I’m glad to hear that you’ve decided to use LARVA for your analyses. I did some investigating with the LARVA codebase to try to figure out what might be causing the segmentation fault. One thing I found was that one of the helper scripts (bigWigAverageOverBed) is provided in its Linux (64-bit) version, so if you run LARVA on a different type of system (e.g. a Mac), the script won’t work. There are versions for other operating systems here (at the end of the page), but for simplicity we only provided the 64-bit Linux version. If that doesn’t fix the issue, could you please tell me everything you can about the environment in which you’re running LARVA (CPU, RAM, operating system, etc.) and the command line parameters you used.

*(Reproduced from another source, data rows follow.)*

(* Let $q=2^f\geq 4$ and let $I=\{0,\ f,\ 2f/\gcd(3,f),\ 4f/\gcd(3,f)\}$. Let $b\in\mathbb{F}_{q^2}^\times$ satisfy $b+b^q=1$ and $b^{q+1}\neq 1$. Then there exists an element $a\in\mathbb{F}_{q^2}^\times$ of order $q+1$ such that (1) $(1+b+b^2)^{2^i}\neq a+a^{-1}+1$ for every $i\in I$; (2) $(1+b+b^2)^{2^i}\neq a(1+b+b^3+b^4)+a^{-1}(b^2+b^3+b^4)$ for every $i\in I$; (3) $a+a^{-1}+1\neq a(1+b+b^3+b^4)+a^{-1}(b^2+b^3+b^4)$; (4) $a+a^{-1}+1\neq 0$. *)

theory Defs
  imports Main
begin

definition mult_order :: "'a::field \<Rightarrow> nat" where
  "mult_order x = (if \<exists>n>0. x ^ n = 1 then (LEAST n. 0 < n \<and> x ^ n = 1) else 0)"

end

theory Submission
  imports
    Defs
    "HOL-Decision_Procs.Algebra_Aux"
    "HOL-Number_Theory.Residues"
    "HOL-Computational_Algebra.Polynomial"
begin

(* Write q = 2^f and c = 1 + b + b^2; the trace condition gives b^q = b + 1, hence c^q = c,
   i.e. c lies in F_q, so the values c^(2^i), i in I, are at most three conjugates of c, and
   only c itself when 3 does not divide f.

   For f >= 4 we count.  The multiplicative group of F_(q^2) is cyclic of order q^2 - 1, so it
   contains at least phi(q + 1) >= 2f elements of order q + 1.  For a fixed a, each of the
   conditions (1)-(3) fails only if a is a nonzero root of a nonzero quadratic, so at most
   4 * #{c^(2^i)} + 2 elements a violate one of them, which is less than phi(q + 1).

   For f = 2, 3 we take the norm-one element a = b / (b + 1) = b^(1 - q).  Then
   a + 1/a + 1 = c / (c + 1) and a(1 + b + b^3 + b^4) + (b^2 + b^3 + b^4)/a = 0.  As
   x |-> x / (x + 1) is an involution commuting with the Frobenius, c^(2^i) = c / (c + 1) would
   give c^(2^(2i)) = c, which for these small f forces c into F_2.

   Finally a + 1/a + 1 = 0 means a^3 = 1, impossible for an element of order q + 1 > 3. *)

section \<open>Multiplicative order\<close>

lemma mult_order_pos_iff:
  fixes x :: "'a::field"
  shows "0 < mult_order x \<longleftrightarrow> (\<exists>n>0. x ^ n = 1)"
  using LeastI_ex[of "\<lambda>n. 0 < n \<and> x ^ n = 1"] by (auto simp: mult_order_def)

lemma power_mult_order:
  fixes x :: "'a::field"
  assumes "0 < mult_order x"
  shows "x ^ mult_order x = 1"
proof -
  have "\<exists>n>0. x ^ n = 1" using assms mult_order_pos_iff by blast
  then show ?thesis
    using LeastI_ex[of "\<lambda>n. 0 < n \<and> x ^ n = 1"] by (simp add: mult_order_def)
qed

lemma power_ne_1_below_mult_order:
  fixes x :: "'a::field"
  assumes "0 < r" "r < mult_order x"
  shows "x ^ r \<noteq> 1"
proof -
  have "0 < mult_order x" using assms by simp
  then have "\<exists>n>0. x ^ n = 1" using mult_order_pos_iff by blast
  then show ?thesis
    using assms not_less_Least[of r "\<lambda>n. 0 < n \<and> x ^ n = 1"] by (simp add: mult_order_def)
qed

lemma power_mod_mult_order:
  fixes x :: "'a::field"
  assumes "0 < mult_order x"
  shows "x ^ (m mod mult_order x) = x ^ m"
proof -
  have "x ^ m = (x ^ mult_order x) ^ (m div mult_order x) * x ^ (m mod mult_order x)"
    by (simp flip: power_mult power_add)
  then show ?thesis
    by (simp add: power_mult_order[OF assms])
qed

lemma power_eq_1_iff_mult_order_dvd:
  fixes x :: "'a::field"
  assumes "0 < mult_order x"
  shows "x ^ m = 1 \<longleftrightarrow> mult_order x dvd m"
proof
  let ?d = "mult_order x"
  assume "x ^ m = 1"
  then have "x ^ (m mod ?d) = 1"
    using power_mod_mult_order[OF assms] by simp
  moreover have "m mod ?d < ?d" using assms by simp
  ultimately have "\<not> 0 < m mod ?d"
    using power_ne_1_below_mult_order by blast
  then show "?d dvd m" by (simp add: dvd_eq_mod_eq_0)
next
  assume "mult_order x dvd m"
  then show "x ^ m = 1"
    using power_mult_order[OF assms] by (auto simp: power_mult)
qed

lemma mult_order_eqI:
  fixes x :: "'a::field"
  assumes "0 < n" "\<And>m. x ^ m = 1 \<longleftrightarrow> n dvd m"
  shows "mult_order x = n"
proof -
  have "x ^ n = 1" using assms(2) by simp
  then have pos: "0 < mult_order x" using assms(1) mult_order_pos_iff by blast
  have "mult_order x dvd m \<longleftrightarrow> n dvd m" for m
    using assms(2) power_eq_1_iff_mult_order_dvd[OF pos] by simp
  from this[of n] this[of "mult_order x"] show ?thesis
    by (simp add: dvd_antisym)
qed

lemma mult_order_prime_power:
  fixes x :: "'a::field"
  assumes "prime p" "x ^ (p ^ Suc k) = 1" "x ^ (p ^ k) \<noteq> 1"
  shows "mult_order x = p ^ Suc k"
proof -
  have "0 < p ^ Suc k"
    using assms(1) prime_gt_0_nat by simp
  then have pos: "0 < mult_order x"
    using assms(2) mult_order_pos_iff by blast
  then have "mult_order x dvd p ^ Suc k"
    using assms(2) power_eq_1_iff_mult_order_dvd by blast
  then obtain j where j: "j \<le> Suc k" "mult_order x = p ^ j"
    using divides_primepow_nat[OF assms(1)] by blast
  have "\<not> mult_order x dvd p ^ k"
    using assms(3) power_eq_1_iff_mult_order_dvd[OF pos] by blast
  then have "\<not> j \<le> k"
    using j(2) by (auto simp: le_imp_power_dvd)
  then show ?thesis using j by (simp add: le_Suc_eq)
qed

lemma mult_order_power_coprime:
  fixes h :: "'a::field"
  assumes "0 < mult_order h" "coprime k (mult_order h)"
  shows "mult_order (h ^ k) = mult_order h"
proof (rule mult_order_eqI[OF assms(1)])
  fix m
  have "(h ^ k) ^ m = 1 \<longleftrightarrow> mult_order h dvd k * m"
    using power_eq_1_iff_mult_order_dvd[OF assms(1)] by (simp flip: power_mult)
  also have "\<dots> \<longleftrightarrow> mult_order h dvd m"
    using assms(2) by (simp add: coprime_commute coprime_dvd_mult_right_iff)
  finally show "(h ^ k) ^ m = 1 \<longleftrightarrow> mult_order h dvd m" .
qed

lemma mult_order_power_div:
  fixes g :: "'a::field"
  assumes "0 < mult_order g" "n dvd mult_order g"
  shows "mult_order (g ^ (mult_order g div n)) = n"
proof -
  from assms obtain k where k: "mult_order g = n * k" "0 < n" by fastforce
  then have "0 < k" using assms(1) by simp
  show ?thesis
  proof (rule mult_order_eqI[OF \<open>0 < n\<close>])
    fix m
    have "(g ^ (mult_order g div n)) ^ m = 1 \<longleftrightarrow> n * k dvd k * m"
      using power_eq_1_iff_mult_order_dvd[OF assms(1)] k by (simp flip: power_mult)
    also have "\<dots> \<longleftrightarrow> n dvd m"
      using \<open>0 < k\<close> by (simp add: mult.commute)
    finally show "(g ^ (mult_order g div n)) ^ m = 1 \<longleftrightarrow> n dvd m" .
  qed
qed

lemma inj_on_power_mult_order:
  fixes h :: "'a::field"
  assumes "0 < mult_order h"
  shows "inj_on (\<lambda>k. h ^ k) {1..mult_order h}"
proof (rule linorder_inj_onI')
  fix k l assume kl: "k \<in> {1..mult_order h}" "l \<in> {1..mult_order h}" "k < l"
  have "h \<noteq> 0"
  proof
    assume "h = 0"
    then show False using power_mult_order[OF assms] assms by (simp add: power_0_left)
  qed
  have "\<not> mult_order h dvd l - k"
    using kl by (auto dest: dvd_imp_le)
  then have "h ^ (l - k) \<noteq> 1"
    using power_eq_1_iff_mult_order_dvd[OF assms] by blast
  moreover have "h ^ l = h ^ k * h ^ (l - k)"
    using kl(3) by (simp flip: power_add)
  ultimately show "h ^ k \<noteq> h ^ l"
    using \<open>h \<noteq> 0\<close> by auto
qed

lemma totient_le_card_mult_order:
  fixes h :: "'a::{field,finite}"
  assumes "0 < mult_order h"
  shows "totient (mult_order h) \<le> card {x::'a. mult_order x = mult_order h}"
proof -
  have "totatives (mult_order h) \<subseteq> {1..mult_order h}"
    by (auto simp: in_totatives_iff)
  then have "totient (mult_order h) = card ((\<lambda>k. h ^ k) ` totatives (mult_order h))"
    unfolding totient_def using inj_on_power_mult_order[OF assms]
    by (simp add: card_image inj_on_subset)
  also have "\<dots> \<le> card {x::'a. mult_order x = mult_order h}"
    using assms by (intro card_mono) (auto simp: in_totatives_iff mult_order_power_coprime)
  finally show ?thesis .
qed

lemma finite_field_exists_generator:
  "\<exists>g::'a::{field,finite}. g \<noteq> 0 \<and> (\<forall>x. x \<noteq> 0 \<longrightarrow> (\<exists>i. x = g ^ i))"
proof -
  have "finite (carrier (cring_class_ops::'a ring))"
    by (simp add: cring_class_ops_def)
  from field.finite_field_mult_group_has_gen[OF field_class this]
  obtain g :: 'a where "g \<in> carrier (mult_of cring_class_ops)"
    "carrier (mult_of cring_class_ops) = {g [^]\<^bsub>cring_class_ops\<^esub> i | i::nat. i \<in> UNIV}"
    by blast
  moreover have "carrier (mult_of cring_class_ops) = UNIV - {0::'a}"
    by (simp add: cring_class_ops_def)
  ultimately have "g \<noteq> 0" "UNIV - {0} = {g ^ i | i::nat. i \<in> UNIV}"
    by (simp_all add: power_class zero_class)
  then show ?thesis
    by blast
qed

lemma power_card_minus_1_eq_1:
  fixes x :: "'a::{field,finite}"
  assumes "x \<noteq> 0"
  shows "x ^ (card (UNIV::'a set) - 1) = 1"
proof -
  let ?U = "UNIV - {0::'a}"
  have "(\<Prod>y\<in>?U. y) = (\<Prod>y\<in>?U. x * y)"
    by (rule prod.reindex_bij_witness[of _ "\<lambda>y. x * y" "\<lambda>y. y / x"]) (use assms in auto)
  also have "\<dots> = x ^ (card (UNIV::'a set) - 1) * (\<Prod>y\<in>?U. y)"
    by (simp add: prod.distrib card_Diff_singleton)
  finally show ?thesis
    by simp
qed

lemma finite_field_exists_mult_order:
  "\<exists>g::'a::{field,finite}. mult_order g = card (UNIV::'a set) - 1"
proof -
  obtain g :: 'a where g: "g \<noteq> 0" "\<And>x. x \<noteq> 0 \<Longrightarrow> \<exists>i. x = g ^ i"
    using finite_field_exists_generator by blast
  let ?N = "card (UNIV::'a set) - 1"
  have "0 < ?N"
    using card_mono[of UNIV "{0, 1::'a}"] by simp
  have pos: "0 < mult_order g"
    using power_card_minus_1_eq_1[OF g(1)] \<open>0 < ?N\<close> mult_order_pos_iff by blast
  have "UNIV - {0} \<subseteq> (\<lambda>i. g ^ i) ` {..<mult_order g}"
  proof
    fix x :: 'a assume "x \<in> UNIV - {0}"
    then obtain i where "x = g ^ i" using g(2) by blast
    also have "\<dots> = g ^ (i mod mult_order g)"
      using power_mod_mult_order[OF pos] by simp
    finally show "x \<in> (\<lambda>i. g ^ i) ` {..<mult_order g}"
      using pos by auto
  qed
  then have "card (UNIV - {0::'a}) \<le> card ((\<lambda>i. g ^ i) ` {..<mult_order g})"
    by (intro card_mono) auto
  then have "?N \<le> mult_order g"
    using card_image_le[of "{..<mult_order g}" "\<lambda>i. g ^ i"] by (simp add: card_Diff_singleton)
  moreover have "mult_order g dvd ?N"
    using power_card_minus_1_eq_1[OF g(1)] power_eq_1_iff_mult_order_dvd[OF pos] by blast
  ultimately show ?thesis
    using \<open>0 < ?N\<close> dvd_imp_le le_antisym by blast
qed

lemma totient_le_card_mult_order_eq:
  assumes "n dvd card (UNIV::'a::{field,finite} set) - 1"
  shows "totient n \<le> card {x::'a. mult_order x = n}"
proof -
  obtain g :: 'a where g: "mult_order g = card (UNIV::'a set) - 1"
    using finite_field_exists_mult_order by blast
  then have pos: "0 < mult_order g"
    using card_mono[of UNIV "{0, 1::'a}"] by simp
  define h where "h = g ^ (mult_order g div n)"
  have "mult_order h = n"
    unfolding h_def using mult_order_power_div[OF pos] assms g by simp
  moreover have "0 < n"
    using assms pos g by (intro Nat.gr0I) simp
  ultimately show ?thesis
    using totient_le_card_mult_order[of h] by simp
qed

lemma add_inverse_add_1_eq_0_iff:
  fixes x :: "'a::field"
  assumes "x \<noteq> 1"
  shows "x + inverse x + 1 = 0 \<longleftrightarrow> x ^ 3 = 1"
proof (cases "x = 0")
  case False
  have "x ^ 3 - 1 = (x - 1) * (x * (x + inverse x + 1))"
    using False by (simp add: field_simps power3_eq_cube)
  then show ?thesis
    using False assms by auto
qed simp

lemma mult_order_0 [simp]: "mult_order (0::'a::field) = 0"
  by (simp add: mult_order_def power_0_left)

lemma add_inverse_add_1_ne_0:
  fixes x :: "'a::field"
  assumes "3 < mult_order x"
  shows "x + inverse x + 1 \<noteq> 0"
proof -
  have "x ^ 3 \<noteq> 1"
    using assms power_eq_1_iff_mult_order_dvd[of x 3] by (auto dest: dvd_imp_le)
  moreover from this have "x \<noteq> 1" by auto
  ultimately show ?thesis
    using add_inverse_add_1_eq_0_iff by blast
qed

lemma card_nonzero_solutions_le_2:
  fixes u v w :: "'a::field"
  assumes "u \<noteq> 0 \<or> v \<noteq> 0 \<or> w \<noteq> 0"
  shows "card {x. x \<noteq> 0 \<and> u * x + v * inverse x = w} \<le> 2"
proof -
  let ?p = "[:v, - w, u:]"
  have "?p \<noteq> 0" using assms by auto
  have "poly ?p x = 0" if "x \<noteq> 0" "u * x + v * inverse x = w" for x
    using that by (auto simp: field_simps)
  then have "{x. x \<noteq> 0 \<and> u * x + v * inverse x = w} \<subseteq> {x. poly ?p x = 0}"
    by blast
  then have "card {x. x \<noteq> 0 \<and> u * x + v * inverse x = w} \<le> card {x. poly ?p x = 0}"
    using poly_roots_finite[OF \<open>?p \<noteq> 0\<close>] by (rule card_mono[rotated])
  also have "\<dots> \<le> degree ?p"
    using card_poly_roots_bound[OF \<open>?p \<noteq> 0\<close>] .
  also have "\<dots> \<le> 2"
    by simp
  finally show ?thesis .
qed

Also, for help on Funseq2, I refer you to my colleague, Shake Lou (cc’ed).

One more thing I just thought of: how are all your input files formatted?

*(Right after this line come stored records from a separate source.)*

(* Let $(\mathbf x,\mathbf y,\mathbf z,s,u,t,\boldsymbol\delta,\boldsymbol\beta,\gamma)$ be any primal–dual feasible pair for (P-SOCP)/(D-SOCP) and let $C\subseteq[n]$ be nonempty. If $\|\mathbf q_{ij}\|\le\lambda$ for all $i,j\in C$ with $i<j$, then the minimizer $\mathbf x^*$ of (P) satisfies $\mathbf x_i^*=\mathbf x_j^*$ for all $i,j\in C$ (i.e. $C$ is a cluster or is contained in a cluster).
   Context: Data: integers $n\ge2$, $d\ge1$, points $\mathbf a_1,\dots,\mathbf a_n\in\mathbb R^d$, weights $r_1,\dots,r_n>0$, parameter $\lambda>0$; $\|\cdot\|$ Euclidean. Problem (P): minimize over $\mathbf x=(\mathbf x_1,\dots,\mathbf x_n)\in(\mathbb R^d)^n$ the strictly convex function $f'(\mathbf x)=\frac12\sum_ir_i\|\mathbf x_i-\mathbf a_i\|^2+\lambda\sum_{i<j}r_ir_j\|\mathbf x_i-\mathbf x_j\|$; its unique minimizer is $\mathbf x^*$; clusters are the equivalence classes of $i\sim j\iff\mathbf x_i^*=\mathbf x_j^*$. Antisymmetric index notation: given vectors $\mathbf v_{ij}$ for $i<j$, $\mathbf v_{\langle ij\rangle}=\mathbf v_{ij}$ ($i<j$), $-\mathbf v_{ji}$ ($i>j$), $\mathbf 0$ ($i=j$). (P-SOCP): variables $\mathbf x_i,\mathbf z_i\in\mathbb R^d$, $s_i,u_i\in\mathbb R$, $\mathbf y_{ij}\in\mathbb R^d$, $t_{ij}\in\mathbb R$ ($i<j$); minimize $\sum_i r_is_i+\lambda\sum_{i<j}r_ir_jt_{ij}$ s.t. $\mathbf y_{ij}=\mathbf x_i-\mathbf x_j$, $\mathbf z_i=\mathbf x_i-\mathbf a_i$, $s_i=u_i+1$, $t_{ij}\ge\|\mathbf y_{ij}\|$, $s_i\ge\|(\mathbf z_i,u_i)\|$. (D-SOCP): variables $\boldsymbol\delta_{ij}$ ($i<j$), $\boldsymbol\beta_i\in\mathbb R^d$, $\gamma_i\in\mathbb R$; maximize $\sum_ir_i\mathbf a_i^T\boldsymbol\beta_i+\sum_ir_i\gamma_i$ s.t. $\sum_jr_j\boldsymbol\delta_{\langle ij\rangle}+\boldsymbol\beta_i=\mathbf 0$, $\|\boldsymbol\delta_{ij}\|\le\lambda$, $1-\gamma_i\ge\|(\boldsymbol\beta_i,\gamma_i)\|$. $\boldsymbol\sigma_2^i:=s_i\boldsymbol\beta_i+(1-\gamma_i)\mathbf z_i$, $\sigma_3^i:=s_i\gamma_i+(1-\gamma_i)u_i$, $\boldsymbol\omega_i:=\frac{\sigma_3^i}{s_i}\mathbf z_i+\frac1{s_i}\boldsymbol\sigma_2^i$, $r_C:=\sum_{i\in C}r_i$, and for $i<j$ in $C$: $\mathbf q_{ij}:=-\boldsymbol\delta_{ij}+\frac1{r_C}(\mathbf x_i-\mathbf x_j-\boldsymbol\omega_i+\boldsymbol\omega_j)-\frac1{r_C}\sum_{k\notin C}r_k(\boldsymbol\delta_{\langle ik\rangle}-\boldsymbol\delta_{\langle jk\rangle})$. *)

theory Defs
  imports "HOL-Analysis.Analysis"
begin

text \<open>Indices are 0,...,n-1. Points live in an arbitrary Euclidean space 'a
  (playing the role of R^d, d = DIM('a) >= 1).\<close>

definition anti :: "(nat \<Rightarrow> nat \<Rightarrow> 'a::real_vector) \<Rightarrow> nat \<Rightarrow> nat \<Rightarrow> 'a" where
  "anti v i j = (if i < j then v i j else if j < i then - v j i else 0)"

definition fobj :: "nat \<Rightarrow> (nat \<Rightarrow> real) \<Rightarrow> (nat \<Rightarrow> 'a::euclidean_space) \<Rightarrow> real
    \<Rightarrow> (nat \<Rightarrow> 'a) \<Rightarrow> real" where
  "fobj n r a lam x =
     (1/2) * (\<Sum>i<n. r i * (norm (x i - a i))\<^sup>2)
     + lam * (\<Sum>i<n. \<Sum>j\<in>{i<..<n}. r i * r j * norm (x i - x j))"

definition primal_feasible :: "nat \<Rightarrow> (nat \<Rightarrow> 'a::euclidean_space)
    \<Rightarrow> (nat \<Rightarrow> 'a) \<Rightarrow> (nat \<Rightarrow> nat \<Rightarrow> 'a) \<Rightarrow> (nat \<Rightarrow> 'a)
    \<Rightarrow> (nat \<Rightarrow> real) \<Rightarrow> (nat \<Rightarrow> real) \<Rightarrow> (nat \<Rightarrow> nat \<Rightarrow> real) \<Rightarrow> bool" where
  "primal_feasible n a x y z s u t \<longleftrightarrow>
     (\<forall>i<n. z i = x i - a i \<and> s i = u i + 1 \<and> norm (z i, u i) \<le> s i) \<and>
     (\<forall>i j. i < j \<and> j < n \<longrightarrow> y i j = x i - x j \<and> norm (y i j) \<le> t i j)"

As to the issue about Funseq2, here is some suggestions:

1. The Funseq webserver version is obsolete, and we recommend you to use github version.
2. The latest 2.1.6 version has fixed a bug that might lead to some variant missed from the output.
3. Please use bed format as the output format. I will update vcf format output later.
4. You can also try, which we have pre-calculated each position’s score for the hg19 genome. If you have a large number of variants to query, we have another good news. We are also testing a rich format whole genome Funseq output file and can let you retrieve the Funseq annotation simply from the command line. If you are interested in this file, we can give you the pre-release testing once it passed our internal QC very soon.

Correlation ACT error


I am trying to run the correlation java script and i get the following when I run the example:

java -jar EncodeTfCor2.jar human_genome_file.txt bedlist 1000000 0
Parsing genome chromosomes and tf bindings …
parsing human_genome_file.txt…
parsing lists in bedlist
Building data matrix …
Exception in thread "main" java.lang.ArrayIndexOutOfBoundsException: 0
at encodetfcor2.TfSitesDataMatrixBuilder.<init>(
at encodetfcor2.Main.main(

Any idea whats going on? I have zero familiarity with Java so I am completely lost as to what is going on.

Well I got rid of it and installed a new version and this time I ran the snp data as the example and it worked. I have no idea what happened. One quick question though, I ran the example with the snp from the four individuals and I got the following matrix:

1.000000 0.984057 0.983579 0.941439
0.984057 1.000000 0.985570 0.956917
0.983579 0.985570 1.000000 0.952203
0.941439 0.956917 0.952203 1.000000

The track_names.txt says the following:


so is the actual matrix then:

names chinese korean venter watson
chinese 1.000000 0.984057 0.983579 0.941439
korean 0.984057 1.000000 0.985570 0.956917
venter 0.983579 0.985570 1.000000 0.952203
watson 0.941439 0.956917 0.952203 1.000000

The readme file isnt very clear on that. Thanks.

Yes, the matrix is labelled correctly.